Dr. Melinda Sheffield-Moore earned her bachelor’s degree in exercise science from Texas A&M University. After earning her master’s degree in exercise physiology from the University of Houston, she spent four years at NASA Johnson Space Center as an experiment support scientist, training astronauts to conduct experiments in human physiology and medicine. She later earned her doctorate in human bioenergetics and physiology at Ball State University.

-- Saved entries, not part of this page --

lemma proj_mult_zero_if_le_perp:
  assumes "x \<in> P" "y \<in> P" "z \<in> P" "le x y" "le z (1 - y)"
  shows "x * z = 0"
proof -
  have "x = x * y" "z = (1 - y) * z"
    using assms perp_proj proj_le_iff proj_le_iff' by metis+
  then have "x * z = x * (y * (1 - y)) * z" by (metis mult.assoc)
  also have "y * (1 - y) = 0" using proj_idem[OF \<open>y \<in> P\<close>] by (simp add: algebra_simps)
  finally show ?thesis by simp
qed

lemma proj_add_orth:
  assumes x: "x \<in> P" and y: "y \<in> P" and "x * y = 0"
  shows "x + y \<in> P"
  using assms proj_orth_commute[OF assms] add_mem[OF proj_mem[OF x] proj_mem[OF y]]
  by (simp add: proj_iff proj_idem algebra_simps)

lemma proj_mult_commuting:
  assumes c: "c \<in> P" and x: "x \<in> P" and "c * x = x * c"
  shows "c * x \<in> P"
proof -
  have "x * c * x = c * x"
    using assms proj_idem[OF x] by (metis mult.assoc)
  then have "c * x \<in> Pos" using sandwich_pos proj_pos c x by metis
  moreover have "c * x * (c * x) = c * x"
    using assms proj_idem[OF x] proj_idem[OF c] by (metis mult.assoc)
  ultimately show ?thesis using pos_subset by (auto simp: proj_iff)
qed

definition is_carrier :: "'r \<Rightarrow> 'r \<Rightarrow> bool" where
  "is_carrier a e \<longleftrightarrow> e \<in> P \<and> (\<forall>b\<in>A. a * b = 0 \<longleftrightarrow> e * b = 0)"
(* Structure of the development.
   1. Finite fields of characteristic two: q = 2^n forces 1 + 1 = 0, every element is a
      square, the Artin-Schreier map a |-> a^2 + a has image of index two, and for n odd the
      value 1 is not attained (3 does not divide 2^n - 1).
   2. The polar form B of f is a symmetric alternating bilinear form; two points of hat-X are
      adjacent iff their representatives are B-orthogonal.
   3. If H0 carries a centric configuration, it has a pole n0 (f n0 = 1, H0 = n0^perp) and
      perp H0 is the point n0.  Points of hat-X then have unique normalised representatives
      v (f v = 0, B v n0 = 1), and a centric 2k-configuration is the same as a k-frame:
      normalised v_1..v_k with B v_i v_j = 1 (i /= j), giving the points v_i, v_i + n0.
   4. Any configuration containing a k-frame (k >= 3) adds only pairs {y, y + n0} of
      extensions y of the frame; so if the frame has exactly two extensions p, p' with
      B p p' = 1, it lies in exactly two (k+1)- and one (k+2)-configurations.
   5. Main geometric lemma: for a 4-frame the orthogonal complement W of n0, v_1, v_2, v_3 is
      an anisotropic plane (by the Witt index), and the extensions are the vectors
      u + b z + w with b^2 + b = 1 + f w for a suitable basis z, w of W; by the field facts
      this equation has exactly two roots, so every 4-frame has exactly two extensions p, p',
      and B p p' = 1.
   The corollary follows by combining 4 and 5 (for a decade, via the cube inside it). *)

section \<open>Finite fields of characteristic two\<close>

context
  assumes char2: "(1::'a::field) + 1 = 0"
begin

lemma char2_add_self: "(x::'a) + x = 0"
proof -
  have "x + x = (1 + 1) * x" by (simp add: algebra_simps)
  then show ?thesis using char2 by simp
qed

lemma char2_two: "(2::'a) = 0"
  using char2 by simp

lemma char2_neg: "- (x::'a) = x"
  using char2_add_self by (simp add: add_eq_0_iff)

lemma char2_add_eq_0_iff: "(x::'a) + y = 0 \<longleftrightarrow> x = y"
  by (metis add_eq_0_iff char2_neg)

lemma char2_square_add: "((x::'a) + y) ^ 2 = x ^ 2 + y ^ 2"
proof -
  have "(x + y) ^ 2 = x ^ 2 + y ^ 2 + (x * y + x * y)" by (simp add: power2_eq_square algebra_simps)
  then show ?thesis by (simp add: char2_add_self)
qed
(* Let $d\ge2$, $n=2$, and $\mathcal T=\sum_{k=1}^3\mathbf v_k^{\otimes d}$. (i) If $d\in\{2,4\}$, every $\mathbf v\in\mathbb R^2$ with $\|\mathbf v\|=1$ is an eigenvector of $\mathcal T$, with eigenvalue $\mu=\frac32$ if $d=2$ and $\mu=\frac98$ if $d=4$. (ii) If $d\ge6$ is even, the normalized eigenpairs of $\mathcal T$ are exactly the $12$ pairs $(\pm\mathbf v_k,\,1+2^{1-d})$, $1\le k\le3$, and $\big((\mathbf v_k+2\mathbf v_j)/\sqrt3,\,3^{d/2}2^{1-d}\big)$, $1\le k\ne j\le3$. (iii) If $d\ge3$ is odd, the normalized eigenpairs of $\mathcal T$ are exactly the $6$ pairs $(\mathbf v_k,\,1-2^{1-d})$ and $(-\mathbf v_k,\,-(1-2^{1-d}))$, $1\le k\le3$.
   Context: For $n=2$ the simplex frame is $\mathbf v_1=(1,0)^\top$, $\mathbf v_2=(-\frac12,\frac{\sqrt3}2)^\top$, $\mathbf v_3=(-\frac12,-\frac{\sqrt3}2)^\top$ (unit vectors with pairwise inner product $-\frac12$ and sum $\mathbf 0$; up to an orthogonal transformation this is the general definition $\mathbf v_k=\sqrt{1+\frac1n}\mathbf e_k-n^{-3/2}(\sqrt{n+1}-1)\mathbf 1_n$, $\mathbf v_{n+1}=-n^{-1/2}\mathbf 1_n$). $\mathcal T\cdot\mathbf v^{d-1}=\sum_{k=1}^3\langle\mathbf v,\mathbf v_k\rangle^{d-1}\mathbf v_k$. A normalized eigenpair is $(\mathbf v,\mu)$ with $\|\mathbf v\|=1$ and $\mathcal T\cdot\mathbf v^{d-1}=\mu\mathbf v$. *)

theory Defs
  imports "HOL-Analysis.Analysis"
begin

definition sv :: "nat \<Rightarrow> real^2" where
  "sv k = (if k = 1 then vector [1, 0]
           else if k = 2 then vector [-1/2, sqrt 3 / 2]
           else vector [-1/2, - sqrt 3 / 2])"

text \<open>The tensor T = sum_k v_k^{\<otimes> d} applied to v^{d-1}.\<close>
definition Tapply :: "nat \<Rightarrow> real^2 \<Rightarrow> real^2" where
  "Tapply d v = (\<Sum>k\<in>{1..3}. (v \<bullet> sv k) ^ (d - 1) *\<^sub>R sv k)"
definition noncrossing :: "nat \<Rightarrow> mpt set set \<Rightarrow> bool" where
  "noncrossing n \<X> = (\<forall>\<alpha>\<in>\<X>. \<forall>\<beta>\<in>\<X>. \<not> crosses n \<alpha> \<beta>)"

definition triangulation :: "nat \<Rightarrow> mpt set set \<Rightarrow> bool" where
  "triangulation n \<X> = ((\<forall>\<alpha>\<in>\<X>. is_arc n \<alpha>) \<and> noncrossing n \<X>
      \<and> (\<forall>\<alpha>. is_arc n \<alpha> \<and> \<alpha> \<notin> \<X> \<longrightarrow> (\<exists>\<beta>\<in>\<X>. crosses n \<alpha> \<beta>)))"

text \<open>Signed side of the point x with respect to the straight chord through
u and v (positive: to the left of u \<rightarrow> v).\<close>
definition side :: "complex \<Rightarrow> complex \<Rightarrow> complex \<Rightarrow> real" where
  "side u v x = Im (cnj (v - u) * (x - u))"

text \<open>A curve \<gamma> in S crosses the arc {a,b} (realised as a chord) if its start
and end point lie strictly on opposite sides of the arc.\<close>
definition curve_crosses :: "nat \<Rightarrow> (real \<Rightarrow> complex) \<Rightarrow> mpt set \<Rightarrow> bool" where
  "curve_crosses n \<gamma> \<alpha> = (\<exists>a b. \<alpha> = {a, b} \<and>
      side (pos n a) (pos n b) (pathstart \<gamma>) * side (pos n a) (pos n b) (pathfinish \<gamma>) < 0)"
(* Let $g:\mathbb{R}^n\times\Xi\to\mathbb{R}^n$ be an arbitrary (stochastic gradient) map and let $\xi^{(1)},\xi^{(2)},\dots\in\Xi$ be a fixed sequence of samples. Fix $\mu\in[0,1)$ and constant learning rates $\gamma_{\mathrm{primal}},\gamma_{\mathrm{modern}}>0$ with $(1-\mu)\gamma_{\mathrm{primal}}=\gamma_{\mathrm{modern}}$. Define the primal averaging sequences by $z_{\mathrm{primal}}^{(1)}=x_{\mathrm{primal}}^{(1)}$ and, for $t\ge 1$, $$y_{\mathrm{primal}}^{(t)}=\mu x_{\mathrm{primal}}^{(t)}+(1-\mu)z_{\mathrm{primal}}^{(t)},\quad z_{\mathrm{primal}}^{(t+1)}=z_{\mathrm{primal}}^{(t)}-\gamma_{\mathrm{primal}}\, g(y_{\mathrm{primal}}^{(t)};\xi^{(t)}),\quad x_{\mathrm{primal}}^{(t+1)}=\mu x_{\mathrm{primal}}^{(t)}+(1-\mu)z_{\mathrm{primal}}^{(t+1)},$$ and the modern Nesterov sequences by $x_{\mathrm{modern}}^{(1)}=x_{\mathrm{primal}}^{(1)}$, $b_{\mathrm{modern}}^{(0)}=0$ and, for $t\ge1$, $$b_{\mathrm{modern}}^{(t)}=\mu b_{\mathrm{modern}}^{(t-1)}+g(x_{\mathrm{modern}}^{(t)};\xi^{(t)}),\qquad x_{\mathrm{modern}}^{(t+1)}=x_{\mathrm{modern}}^{(t)}-\gamma_{\mathrm{modern}}\big[\mu b_{\mathrm{modern}}^{(t)}+g(x_{\mathrm{modern}}^{(t)};\xi^{(t)})\big].$$ Then for every $t\ge 1$, $$y_{\mathrm{primal}}^{(t)}=x_{\mathrm{modern}}^{(t)}\qquad\text{and}\qquad b_{\mathrm{modern}}^{(t)}=\frac{1}{(1-\mu)\gamma_{\mathrm{primal}}}\big(x_{\mathrm{primal}}^{(t)}-x_{\mathrm{primal}}^{(t+1)}\big).$$
   Context: The first recursion is the "primal averaging formulation" of Nesterov's method and the second is the "modern formulation" (as implemented in PyTorch/JAX). Both are driven by the same sample sequence $\xi^{(t)}$ and started from the same initial point. *)

theory Defs
  imports "HOL-Analysis.Analysis"
begin

end

theory Submission
  imports Defs
begin

(* Both claims follow from the invariant
     xp t - zp t = gp * mu * bm (t - 1)   and   yp t = xm t,
   which one step of each recursion preserves because (1 - mu) * gp = gm. Given the invariant,
   xp t - zp (t + 1) = gp * bm t, and the averaging step of xp scales this difference by 1 - mu. *)

locale nesterov_primal_modern =
  fixes g :: "'a::real_vector \<Rightarrow> 'xi \<Rightarrow> 'a"
    and xi :: "nat \<Rightarrow> 'xi"
    and mu gp gm :: real
    and xp zp yp xm bm :: "nat \<Rightarrow> 'a"
  assumes lr: "(1 - mu) * gp = gm"
    and zp1: "zp 1 = xp 1"
    and yp: "\<And>t. t \<ge> 1 \<Longrightarrow> yp t = mu *\<^sub>R xp t + (1 - mu) *\<^sub>R zp t"
    and zp: "\<And>t. t \<ge> 1 \<Longrightarrow> zp (t + 1) = zp t - gp *\<^sub>R g (yp t) (xi t)"
    and xp: "\<And>t. t \<ge> 1 \<Longrightarrow> xp (t + 1) = mu *\<^sub>R xp t + (1 - mu) *\<^sub>R zp (t + 1)"
    and xm1: "xm 1 = xp 1"
    and bm0: "bm 0 = 0"
    and bm: "\<And>t. t \<ge> 1 \<Longrightarrow> bm t = mu *\<^sub>R bm (t - 1) + g (xm t) (xi t)"
    and xm: "\<And>t. t \<ge> 1 \<Longrightarrow> xm (t + 1) = xm t - gm *\<^sub>R (mu *\<^sub>R bm t + g (xm t) (xi t))"
begin

lemma coupling_step:
  assumes t: "t \<ge> 1"
    and y_eq: "yp t = xm t"
    and gap: "xp t - zp t = (gp * mu) *\<^sub>R bm (t - 1)"
  shows "yp (t + 1) = xm (t + 1)"
    and "xp (t + 1) - zp (t + 1) = (gp * mu) *\<^sub>R bm t"
proof -
  define G where "G = g (xm t) (xi t)"
  have x: "xp t = zp t + (gp * mu) *\<^sub>R bm (t - 1)"
    using gap by (simp add: algebra_simps)
  have y: "xm t = mu *\<^sub>R xp t + (1 - mu) *\<^sub>R zp t"
    using yp[OF t] y_eq by simp
  have b: "bm t = mu *\<^sub>R bm (t - 1) + G"
    using bm[OF t] by (simp add: G_def)
  have z': "zp (t + 1) = zp t - gp *\<^sub>R G"
    using zp[OF t] y_eq by (simp add: G_def)
  have x': "xp (t + 1) = mu *\<^sub>R xp t + (1 - mu) *\<^sub>R zp (t + 1)"
    using xp[OF t] .
  have y': "yp (t + 1) = mu *\<^sub>R xp (t + 1) + (1 - mu) *\<^sub>R zp (t + 1)"
    using yp[of "t + 1"] by simp
  have m': "xm (t + 1) = xm t - ((1 - mu) * gp) *\<^sub>R (mu *\<^sub>R bm t + G)"
    using xm[OF t] lr by (simp add: G_def)
  show "yp (t + 1) = xm (t + 1)"
    unfolding y' m' x' z' y x b by (simp add: algebra_simps)
  show "xp (t + 1) - zp (t + 1) = (gp * mu) *\<^sub>R bm t"
    unfolding x' z' x b by (simp add: algebra_simps)
qed

lemma coupling:
  assumes "t \<ge> 1"
  shows "yp t = xm t \<and> xp t - zp t = (gp * mu) *\<^sub>R bm (t - 1)"
  using assms
proof (induction t rule: dec_induct)
  case base
  show ?case using yp[of 1] zp1 xm1 bm0 by (simp add: algebra_simps)
next
  case (step t)
  then show ?case using coupling_step by simp
qed

lemma yp_eq_xm: "t \<ge> 1 \<Longrightarrow> yp t = xm t"
  using coupling by blast

lemma xp_minus_next_zp:
  assumes t: "t \<ge> 1"
  shows "xp t - zp (t + 1) = gp *\<^sub>R bm t"
proof -
  have "xp t - zp (t + 1) = (xp t - zp t) + gp *\<^sub>R g (xm t) (xi t)"
    using zp[OF t] yp_eq_xm[OF t] by simp
  also have "\<dots> = gp *\<^sub>R (mu *\<^sub>R bm (t - 1) + g (xm t) (xi t))"
    using coupling[OF t] by (simp add: algebra_simps)
  finally show ?thesis
    using bm[OF t] by simp
qed

lemma xp_decrement:
  assumes t: "t \<ge> 1"
  shows "xp t - xp (t + 1) = ((1 - mu) * gp) *\<^sub>R bm t"
proof -
  have "xp t - xp (t + 1) = (1 - mu) *\<^sub>R (xp t - zp (t + 1))"
    using xp[OF t] by (simp add: algebra_simps)
  then show ?thesis
    using xp_minus_next_zp[OF t] by simp
qed

end

theorem proposition1:
  fixes g :: "real ^ 'n \<Rightarrow> 'xi \<Rightarrow> real ^ 'n"
    and xi :: "nat \<Rightarrow> 'xi"
    and mu gp gm :: real
    and xp zp yp xm bm :: "nat \<Rightarrow> real ^ 'n"
  assumes mu: "0 \<le> mu" "mu < 1"
    and gp: "gp > 0" and gm: "gm > 0"
    and lr: "(1 - mu) * gp = gm"
    and zp1: "zp 1 = xp 1"
    and yp: "\<And>t. t \<ge> 1 \<Longrightarrow> yp t = mu *\<^sub>R xp t + (1 - mu) *\<^sub>R zp t"
    and zp: "\<And>t. t \<ge> 1 \<Longrightarrow> zp (t + 1) = zp t - gp *\<^sub>R g (yp t) (xi t)"
    and xp: "\<And>t. t \<ge> 1 \<Longrightarrow> xp (t + 1) = mu *\<^sub>R xp t + (1 - mu) *\<^sub>R zp (t + 1)"
    and xm1: "xm 1 = xp 1"
    and bm0: "bm 0 = 0"
    and bm: "\<And>t. t \<ge> 1 \<Longrightarrow> bm t = mu *\<^sub>R bm (t - 1) + g (xm t) (xi t)"
    and xm: "\<And>t. t \<ge> 1 \<Longrightarrow> xm (t + 1) = xm t - gm *\<^sub>R (mu *\<^sub>R bm t + g (xm t) (xi t))"
  shows "\<forall>t\<ge>1. yp t = xm t \<and> bm t = (1 / ((1 - mu) * gp)) *\<^sub>R (xp t - xp (t + 1))"
proof -
  interpret nesterov_primal_modern g xi mu gp gm xp zp yp xm bm
    by unfold_locales (fact lr zp1 yp zp xp xm1 bm0 bm xm)+
  have "(1 - mu) * gp \<noteq> 0"
    using mu gp by simp
  then show ?thesis
    using yp_eq_xm xp_decrement by simp
qed

end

She returned to Texas to complete a NIH funded post-doctoral fellowship in trauma, burns, and metabolism at the University of Texas Medical Branch (UTMB) within the Department of Surgery and Shriners Burns Hospital. While there she completed her training in human metabolism and skeletal muscle biology, and undertook clinical studies examining the influence of burns, aging, cancer, and space flight on protein and amino acid metabolism in skeletal muscle.
During her 20-year career as a tenured Professor in the Department of Medicine at UTMB she held numerous key leadership roles in the medical school including as the director of the Translational Technologies Key Resource for the Institute of Translational Sciences and as a Program Director of the Institute of Translational Sciences Human Clinical Research Center. She has been funded throughout her career by the National Institutes of Aging, National Cancer Institute, NASA, and through foundation grants to support her human clinical research program in areas of aging, cancer, space flight, and traumatic brain injury.
In 2017, Dr. Sheffield-Moore accepted a position at her alma mater as Professor and head of the department of Health & Kinesiology at Texas A&M. In August 2021, after completing her 4-year administrative term, she returned to University of Texas Medical Branch to serve as Dean of the Graduate School of Biomedical Sciences.